2010 took its best shot
Wow, you think as Greater Des Moines walks toward you at a party; that is one nice-looking little city. But before you can start dishing out compliments, she whispers in your ear: “This is embarrassing, but I’m having some money problems. Can you loan me a few dollars until I get things turned around?”
It was like that in 2010.
When the richest folks in the metro area struggle to keep their golf course going, and some of our leading business people fall behind on the taxes at their glitzy lifestyle center, you know that the city’s Golden Age has been delayed.
We soldiered on, though, making some encouraging progress here and there while awaiting the next bad news. Our civic leaders boasted about job-retention efforts, but it was hard to hear over the sound of sobbing workers cleaning out their desks.
Principal Financial Group Inc. announced that it would exit the health insurance business, causing a loss of jobs. Wells Fargo Financial announced a big cut in jobs, too.
Coincidentally, a new law allowed Iowa breweries to produce and sell beers with as much as 12 percent alcohol content. Many laid-off employees said that sounded pretty good to them.
In downtown Des Moines, a Wisconsin developer moved forward on a plan to turn the Younkers Building into apartments, and Minneapolis developer George Sherman added apartments with a warehouse rehab and new construction. Inspired by these examples, some Des Moines developers sketched out plans of their own on the folders holding their bankruptcy documents.
Wellmark Blue Cross and Blue Shield completed a headquarters building that makes you wish you were getting into the health insurance business. Ordinary citizens are allowed to glance at it for free, but a steady gaze costs $5.

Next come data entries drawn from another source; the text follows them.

(* Let $d\ge 2$ and $n\ge 1$ be integers and let $M_x=\{|\phi_x^a\rangle: a=1,\ldots,d\}$, $x=1,\ldots,n$, be a set of mutually unbiased orthonormal bases of $\mathbb{C}^d$. Define the steering functional $F=\{F_x^a\}$ by $F_x^a=|\phi_x^a\rangle\langle\phi_x^a|$ for $x=1,\ldots,n$, $a=1,\ldots,d$. Then $$V(F)\ \ge\ \frac{n\sqrt{d}}{n+1+\sqrt{d}}.$$
   Context: Two orthonormal bases $\{|\phi_1^a\rangle\}_{a=1}^d$, $\{|\phi_2^b\rangle\}_{b=1}^d$ of $\mathbb{C}^d$ are mutually unbiased if $|\langle\phi_1^a|\phi_2^b\rangle|=1/\sqrt{d}$ for all $a,b$; a set of bases is a set of MUBs if every two distinct bases in it are mutually unbiased. An $(n,m,d)$-assemblage is a family $\sigma=\{\sigma_x^a: x=1,\ldots,n,\ a=1,\ldots,m\}$ of positive semidefinite operators on $\mathbb{C}^d$ such that $\sum_a\sigma_x^a$ does not depend on $x$ and has trace $1$; $\mathcal{Q}$ is the set of all such assemblages. An assemblage has a local hidden state (LHS) model if there exist a finite index set $\Lambda$, weights $q_\lambda\ge0$ with $\sum_\lambda q_\lambda=1$, density matrices $\sigma_\lambda$ on $\mathbb{C}^d$, and probability distributions $\{p_\lambda(a|x)\}_a$ for each $x,\lambda$, such that $\sigma_x^a=\sum_{\lambda}q_\lambda p_\lambda(a|x)\sigma_\lambda$ for all $x,a$; $\mathcal{L}$ is the set of such assemblages. For a steering functional $F=\{F_x^a\}$ (a family of $d\times d$ matrices), $\langle F,\sigma\rangle=\mathrm{Tr}\big(\sum_{x,a}F_x^a\sigma_x^a\big)$, $S_{LHS}(F)=\sup\{|\langle F,\sigma\rangle|:\sigma\in\mathcal{L}\}$, $S_Q(F)=\sup\{|\langle F,\sigma\rangle|:\sigma\in\mathcal{Q}\}$, and the quantum violation is $V(F)=S_Q(F)/S_{LHS}(F)$. *)

theory Defs
  imports "HOL-Analysis.Analysis"
begin

text \<open>Vectors of C^d are complex^'d, d x d matrices are complex^'d^'d, with d = CARD('d).
Measurement settings x range over {1..n}; outcomes a range over a finite type 'a.\<close>

definition cinner :: "complex^'d \<Rightarrow> complex^'d \<Rightarrow> complex" where
  "cinner v w = (\<Sum>i\<in>UNIV. cnj (v $ i) * w $ i)"

definition outer :: "complex^'d \<Rightarrow> complex^'d^'d" where
  "outer v = (\<chi> i j. v $ i * cnj (v $ j))"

Wellmark also announced that only nonsmokers will be considered as employees. The company took no official stand on obesity, but did issue strict new staff guidelines on waddling.
The state of Iowa offered an early retirement program, and about 10 percent of its employees immediately became wedged in the exit doors. They were just so eager to help whip this stubborn budget problem.
That task now falls to Gov.-elect Terry Branstad, who took a pay cut to make a career switch. Instead of presiding over a rising, prosperous medical school with relatively few critics, he will govern a state with serious growth obstacles in the midst of a lingering economic malaise. In a related development, Chris Branstad announced the results of her research project about trying to control a person’s actions by whispering in his ear while he sleeps. She said it doesn’t appear to work.
One of the year’s highlights was the regular appearance of Greater Des Moines on “best cities” lists. Recently, Des Moines was proclaimed by CNBC as one of the best cities to move to, and we swelled with pride. Then we noticed that Buffalo, N.Y., was also on the list. The swelling subsided.
As the end of the year drew near, debate erupted about faculty sabbaticals at our state universities. Proponents of the practice said some sabbaticals produce research that brings millions of dollars to the schools. Nitpicking opponents questioned the value of studying billiards in the Philippines. Finally, English professors banded together and threatened to stop considering the social implications of “Beowulf.” The Iowa Board of Regents buckled under this pressure, approving all sabbatical requests and giving the other faculty members an extra 15 minutes for lunch.
Here at the Business Record, a three-year adventure in outside ownership ended in bankruptcy for those guys and a return to our original boss, Connie Wimer. Now I wish I had been nicer to her during the interim. Thanks to a rigorous “re-education” program, I have come to understand that putting thumbtacks on her chair really was uncalled for.